Monday, September 5, 2011

Weekend!

This last weekend was super fun. Apart from an injured hip and butt cheek (I fell off my horse... or, rather, was dislodged from my horse's back in a manner that was not planned by me), I had a great time.

A friend of mine, who has been living in South Korea for the last year, has returned to America! On Saturday, we met her at the Mall of America (very American) to see each other and shop. I have missed her greatly, and it was wonderful to see and speak with her again in person. After that, we met up with another friend of ours at our hotel, and then proceeded to carpool to the State Fair!

The State Fair was great, we went to the Miracle of Birth Center and saw tiny, newborn goats, cows, pigs, and sheep. I wanted a goat. And a pig. Perhaps a cow...yeah. Talk about your barn of adorable! So then we went to the Warner Coliseum to watch the "Western Horse Show" which was scheduled from 6 pm to midnight, or something crazy like that. We didn't stay for the whole thing, and it started late (because, let's face it, horse people are NEVER on time). The first competition was...odd. And not very safe.

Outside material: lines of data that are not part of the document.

text \<open>All forms involved are diagonal, and the diagonal entries of \<open>b\<close> are the monomials
  \<open>\<Prod>x\<in>S. x\<close> for pairwise distinct sets \<open>S\<close> of indeterminates: a subset of the
  \<open>X\<close>'s together with a nonempty subset of the \<open>Y\<close>'s or of the \<open>Z\<close>'s.  Suppose
  \<open>\<Sum>S. v S ^ 2 * (\<Prod>x\<in>S. x) = 0\<close> and clear denominators.  Since squaring is additive
  in characteristic 2, every monomial in the \<open>S\<close>-th summand has an exponent vector whose odd
  coordinates are exactly \<open>S\<close>; so the summands have disjoint supports, and algebraic
  independence forces every \<open>v S = 0\<close>.

  For the Witt class, \<open>\<langle>\<langle>Y\<rangle>\<rangle> = \<langle>1\<rangle> \<perp> \<langle>\<langle>Y\<rangle>\<rangle>'\<close> shows that
  \<open>b \<perp> \<langle>\<langle>X\<rangle>\<rangle> \<perp> \<langle>\<langle>X\<rangle>\<rangle>\<close> and \<open>\<langle>\<langle>X,Y\<rangle>\<rangle> \<perp> \<langle>\<langle>X,Z\<rangle>\<rangle>\<close> have the
  same diagonal entries, while \<open>\<langle>\<langle>X\<rangle>\<rangle> \<perp> \<langle>\<langle>X\<rangle>\<rangle>\<close> is metabolic in characteristic 2.
  Hence \<open>[b]\<close> is a sum of two \<open>n\<close>-fold Pfister forms.\<close>

section \<open>Polynomial values in a rational function field\<close>

definition mon_eval :: "('v \<Rightarrow> 'k::field) \<Rightarrow> ('v \<Rightarrow>\<^sub>0 nat) \<Rightarrow> 'k" where
  "mon_eval g m = (\<Prod>v\<in>Poly_Mapping.keys m. g v ^ Poly_Mapping.lookup m v)"

lemma mon_eval_superset:
  assumes "finite A" "Poly_Mapping.keys m \<subseteq> A"
  shows "mon_eval g m = (\<Prod>v\<in>A. g v ^ Poly_Mapping.lookup m v)"
  unfolding mon_eval_def using assms
  by (intro prod.mono_neutral_left) (auto simp: in_keys_iff)

lemma mon_eval_add: "mon_eval g (m + m') = mon_eval g m * mon_eval g m'"
proof -
  let ?A = "Poly_Mapping.keys m \<union> Poly_Mapping.keys m'"
  have "Poly_Mapping.keys (m + m') \<subseteq> ?A" by (simp add: keys_add)
  then show ?thesis
    using mon_eval_superset[of ?A _ g]
    by (simp add: lookup_add power_add prod.distrib)
qed

lemma mon_eval_0: "mon_eval g 0 = 1"
  by (simp add: mon_eval_def)

lemma mpoly_eval_superset:
  assumes "finite A" "Poly_Mapping.keys p \<subseteq> A"
  shows "mpoly_eval g p = (\<Sum>m\<in>A. Poly_Mapping.lookup p m * mon_eval g m)"
  unfolding mpoly_eval_def mon_eval_def[symmetric] using assms
  by (intro sum.mono_neutral_left) (auto simp: in_keys_iff)

lemma mpoly_eval_add: "mpoly_eval g (p + q) = mpoly_eval g p + mpoly_eval g q"
proof -
  let ?A = "Poly_Mapping.keys p \<union> Poly_Mapping.keys q"
  have "Poly_Mapping.keys (p + q) \<subseteq> ?A" by (simp add: keys_add)
  then show ?thesis
    using mpoly_eval_superset[of ?A _ g]
    by (simp add: lookup_add distrib_right sum.distrib)
qed

lemma mpoly_eval_0: "mpoly_eval g 0 = 0"
  by (simp add: mpoly_eval_def)

lemma mpoly_eval_single: "mpoly_eval g (Poly_Mapping.single m c) = c * mon_eval g m"
  using mpoly_eval_superset[of "{m}" "Poly_Mapping.single m c" g] by simp

lemma mpoly_eval_sum:
  "finite I \<Longrightarrow> mpoly_eval g (\<Sum>i\<in>I. p i) = (\<Sum>i\<in>I. mpoly_eval g (p i))"
  by (induct I rule: finite_induct) (auto simp: mpoly_eval_0 mpoly_eval_add)

lemma mpoly_over_0: "subfield F \<Longrightarrow> mpoly_over F V 0"
  by (simp add: mpoly_over_def subfield_def)

lemma mpoly_over_add:
  "subfield F \<Longrightarrow> mpoly_over F V p \<Longrightarrow> mpoly_over F V q \<Longrightarrow> mpoly_over F V (p + q)"
  unfolding mpoly_over_def subfield_def
  by (metis add.right_neutral lookup_add)

lemma mpoly_over_single:
  "subfield F \<Longrightarrow> c \<in> F \<Longrightarrow> (\<forall>v. Poly_Mapping.lookup m v \<noteq> 0 \<longrightarrow> v \<in> V)
   \<Longrightarrow> mpoly_over F V (Poly_Mapping.single m c)"
  unfolding mpoly_over_def subfield_def
  by (auto simp: lookup_single when_def)

lemma mpoly_over_sum:
  "finite I \<Longrightarrow> subfield F \<Longrightarrow> (\<forall>i\<in>I. mpoly_over F V (p i)) \<Longrightarrow> mpoly_over F V (\<Sum>i\<in>I. p i)"
  by (induct I rule: finite_induct) (auto simp: mpoly_over_0 mpoly_over_add)

definition poly_value :: "'k::field set \<Rightarrow> 'v set \<Rightarrow> ('v \<Rightarrow> 'k) \<Rightarrow> 'k \<Rightarrow> bool" where
  "poly_value F V g x \<longleftrightarrow> (\<exists>p. mpoly_over F V p \<and> mpoly_eval g p = x)"

lemma poly_value_sum_monomials:
  assumes F: "subfield F" and I: "finite I"
    and "\<forall>i\<in>I. c i \<in> F \<and> (\<forall>v. Poly_Mapping.lookup (m i) v \<noteq> 0 \<longrightarrow> v \<in> V)"
  shows "poly_value F V g (\<Sum>i\<in>I. c i * mon_eval g (m i))"
  unfolding poly_value_def
  using assms
  by (intro exI[of _ "\<Sum>i\<in>I. Poly_Mapping.single (m i) (c i)"])
     (simp add: mpoly_eval_sum mpoly_eval_single mpoly_over_sum mpoly_over_single)

lemma poly_value_mult:
  assumes F: "subfield F" and "poly_value F V g x" and "poly_value F V g y"
  shows "poly_value F V g (x * y)"
proof -
  obtain p where p: "mpoly_over F V p" "mpoly_eval g p = x"
    using \<open>poly_value F V g x\<close> poly_value_def by blast
  obtain q where q: "mpoly_over F V q" "mpoly_eval g q = y"
    using \<open>poly_value F V g y\<close> poly_value_def by blast
  have "x * y = (\<Sum>m\<in>Poly_Mapping.keys p. Poly_Mapping.lookup p m * mon_eval g m) *
                (\<Sum>m\<in>Poly_Mapping.keys q. Poly_Mapping.lookup q m * mon_eval g m)"
    using p(2) q(2) mpoly_eval_superset[of "Poly_Mapping.keys p" p g]
      mpoly_eval_superset[of "Poly_Mapping.keys q" q g]
    by simp
  also have "\<dots> = (\<Sum>mm\<in>Poly_Mapping.keys p \<times> Poly_Mapping.keys q.
       (Poly_Mapping.lookup p (fst mm) * Poly_Mapping.lookup q (snd mm)) * mon_eval g (fst mm + snd mm))"
    by (simp add: sum_product sum.cartesian_product mon_eval_add mult_ac split_def)
  finally show ?thesis
    using p(1) q(1) F unfolding mpoly_over_def subfield_def
    by (auto intro!: poly_value_sum_monomials[OF F] simp: lookup_add in_keys_iff)
qed

lemma poly_value_1: "subfield F \<Longrightarrow> poly_value F V g 1"
  unfolding poly_value_def
  using mpoly_eval_single[of g 0 1]
  by (intro exI[of _ "Poly_Mapping.single 0 1"])
     (auto simp: mon_eval_0 mpoly_over_single subfield_def simp del: single_one)

lemma poly_value_prod:
  "finite I \<Longrightarrow> subfield F \<Longrightarrow> (\<forall>i\<in>I. poly_value F V g (f i)) \<Longrightarrow> poly_value F V g (\<Prod>i\<in>I. f i)"
  by (induct I rule: finite_induct) (auto simp: poly_value_1 poly_value_mult)

lemma rational_function_field_common_denominator:
  fixes v :: "nat \<Rightarrow> 'k::field" and N :: nat
  assumes "rational_function_field F g V"
  obtains d where "d \<noteq> 0" "\<And>a. a < N \<Longrightarrow> poly_value F V g (v a * d)"
proof -
  have F: "subfield F" using assms rational_function_field_def by blast
  obtain p q where pq: "\<And>a. mpoly_over F V (p a) \<and> mpoly_over F V (q a) \<and>
      mpoly_eval g (q a) \<noteq> 0 \<and> v a = mpoly_eval g (p a) / mpoly_eval g (q a)"
  proof -
    have "\<forall>a. \<exists>p q. mpoly_over F V p \<and> mpoly_over F V q \<and>
        mpoly_eval g q \<noteq> 0 \<and> v a = mpoly_eval g p / mpoly_eval g q"
      using assms unfolding rational_function_field_def by blast
    then show thesis using that by metis
  qed
  define d where "d = (\<Prod>b<N. mpoly_eval g (q b))"
  have "poly_value F V g (v a * d)" if "a < N" for a
  proof -
    have "d = mpoly_eval g (q a) * (\<Prod>b\<in>{..<N}-{a}. mpoly_eval g (q b))"
      unfolding d_def using that by (simp add: prod.remove)
    then have "v a * d = mpoly_eval g (p a) * (\<Prod>b\<in>{..<N}-{a}. mpoly_eval g (q b))"
      using pq[of a] by simp
    moreover have "poly_value F V g (\<Prod>b\<in>{..<N}-{a}. mpoly_eval g (q b))"
      using F pq by (intro poly_value_prod) (auto simp: poly_value_def)
    ultimately show ?thesis
      using pq[of a] poly_value_mult[OF F] poly_value_def by metis
  qed
  moreover have "d \<noteq> 0" using pq by (simp add: d_def)
  ultimately show thesis using that by blast
qed

lemma sum_power2_char2:
  fixes f :: "'a \<Rightarrow> 'k::comm_ring_1"
  assumes "(2::'k) = 0" and "finite I"
  shows "(\<Sum>i\<in>I. f i)^2 = (\<Sum>i\<in>I. f i ^ 2)"
  using assms(2)
proof (induct I rule: finite_induct)
  case (insert x I)
  have "(f x + sum f I)^2 = f x ^ 2 + (sum f I)^2 + 2 * f x * sum f I"
    by (simp add: power2_eq_square algebra_simps)
  then show ?case using insert assms(1) by simp
qed simp

definition set_monomial :: "'v set \<Rightarrow> ('v \<Rightarrow>\<^sub>0 nat)" where
  "set_monomial S = (\<Sum>x\<in>S. Poly_Mapping.single x 1)"

lemma lookup_set_monomial:
  "finite S \<Longrightarrow> Poly_Mapping.lookup (set_monomial S) x = (if x \<in> S then 1 else 0)"
  by (simp add: set_monomial_def lookup_sum lookup_single when_def)

lemma keys_set_monomial: "finite S \<Longrightarrow> Poly_Mapping.keys (set_monomial S) \<subseteq> S"
  by (auto simp: in_keys_iff lookup_set_monomial split: if_splits)

lemma mon_eval_set_monomial: "finite S \<Longrightarrow> mon_eval g (set_monomial S) = (\<Prod>x\<in>S. g x)"
  using mon_eval_superset[of S "set_monomial S" g] keys_set_monomial[of S]
  by (simp add: lookup_set_monomial)

lemma double_plus_set_monomial_eq_iff:
  assumes "finite S" "finite S'"
  shows "m + m + set_monomial S = m' + m' + set_monomial S' \<longleftrightarrow> S = S' \<and> m = m'"
proof
  assume e: "m + m + set_monomial S = m' + m' + set_monomial S'"
  have h: "2 * Poly_Mapping.lookup m x + (if x \<in> S then 1 else 0) =
           2 * Poly_Mapping.lookup m' x + (if x \<in> S' then 1 else 0)" for x
    using arg_cong[OF e, of "\<lambda>p. Poly_Mapping.lookup p x"]
    by (simp add: lookup_add lookup_set_monomial assms)
  have "x \<in> S \<longleftrightarrow> x \<in> S'" for x
    using h[of x] by (auto split: if_splits) presburger+
  then have "S = S'" by blast
  moreover have "m = m'"
    by (rule poly_mapping_eqI) (use h \<open>S = S'\<close> in auto)
  ultimately show "S = S' \<and> m = m'" ..
qed simp

text \<open>In characteristic 2 squaring a polynomial squares its coefficients and doubles its
  exponents.\<close>
definition square_shift :: "'v set \<Rightarrow> ('v, 'k::field) mpoly \<Rightarrow> ('v, 'k) mpoly" where
  "square_shift S r = (\<Sum>m\<in>Poly_Mapping.keys r.
      Poly_Mapping.single (m + m + set_monomial S) (Poly_Mapping.lookup r m ^ 2))"

lemma mpoly_eval_square_shift:
  fixes g :: "'v \<Rightarrow> 'k::field"
  assumes char2: "(2::'k) = 0" and "finite S"
  shows "mpoly_eval g (square_shift S r) = mpoly_eval g r ^ 2 * (\<Prod>x\<in>S. g x)"
proof -
  have "mpoly_eval g r ^ 2 =
      (\<Sum>m\<in>Poly_Mapping.keys r. (Poly_Mapping.lookup r m * mon_eval g m) ^ 2)"
    using mpoly_eval_superset[of "Poly_Mapping.keys r" r g] by (simp add: sum_power2_char2[OF char2])
  then show ?thesis
    using \<open>finite S\<close>
    by (simp add: square_shift_def mpoly_eval_sum mpoly_eval_single mon_eval_add
        mon_eval_set_monomial sum_distrib_left power2_eq_square mult_ac)
qed

lemma mpoly_over_square_shift:
  assumes F: "subfield F" and r: "mpoly_over F V r" and "finite S" "S \<subseteq> V"
  shows "mpoly_over F V (square_shift S r)"
  unfolding square_shift_def
proof (intro mpoly_over_sum[OF _ F] ballI mpoly_over_single[OF F] allI impI)
  fix m assume m: "m \<in> Poly_Mapping.keys r"
  show "Poly_Mapping.lookup r m ^ 2 \<in> F"
    using r F by (simp add: mpoly_over_def subfield_def power2_eq_square)
  fix x assume "Poly_Mapping.lookup (m + m + set_monomial S) x \<noteq> 0"
  then show "x \<in> V"
    using r m assms(3,4)
    by (auto simp: lookup_add lookup_set_monomial mpoly_over_def in_keys_iff split: if_splits)
qed simp

lemma lookup_square_shift:
  assumes "finite S" "finite S'"
  shows "Poly_Mapping.lookup (square_shift S r) (m + m + set_monomial S') =
         (if S = S' then Poly_Mapping.lookup r m ^ 2 else 0)"
proof -
  have "Poly_Mapping.lookup (square_shift S r) (m + m + set_monomial S') =
      (\<Sum>k\<in>Poly_Mapping.keys r. if S = S' \<and> k = m then Poly_Mapping.lookup r k ^ 2 else 0)"
    unfolding square_shift_def lookup_sum lookup_single
    using double_plus_set_monomial_eq_iff[OF assms(1,2)] by (simp add: when_def)
  then show ?thesis by (auto simp: in_keys_iff)
qed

You started out with your horse in a horse trailer with its halter on, while you and your partner had your saddle, saddle blanket, and bridle up at the front of the truck pulling your trailer. The goal is to take your horse out of the trailer, get all of its gear on, gallop around the arena 3 times, take all of the gear off and load your horse back into the trailer in the fastest time. I felt a little bad for the horses, who were being hauled out of trailers by their tails, their girths were pulled tight very quickly while bits were shoved into their mouths, and then they were off and running. It was exciting but not exactly...sane. Or horse-friendly.

Anyway.

I got a new pair of Ariat boots. A part of me questions the wisdom of the particular pair that I bought (or rather, my parents bought as an early Christmas present). They are quite a unique pair~ shiny black patent leather, with turquoise and white stitching on the top part of the boot. My attempts at adding a photo here have so far failed, but the point is that they are hardly the type of boots I would normally wear around the barn. They are... shiny. Fancy looking. And I adore them. They look like a men's dress shoe-cowboy boot hybrid in feminine form.

...

After the State Fair, we went to the Renaissance Festival. I unfortunately left my outfit at home, but had a wonderful time anyway. I got two little grotesques; the shop called them gargoyles, but technically they aren't. Real gargoyles are water spouts, but I digress. They adorable little grotesques, they are the size of a large shot glass. One is based on a bull, but has 4 horns, a lionesque mane, and little bat wings. The other is a sortof monkey-puppy mix, with one little horn on top of his head, little bat wings, a fringe of mane, and pointy ears.

The best thing I got all weekend, though, was time spent with my fiance' and one of my best friends.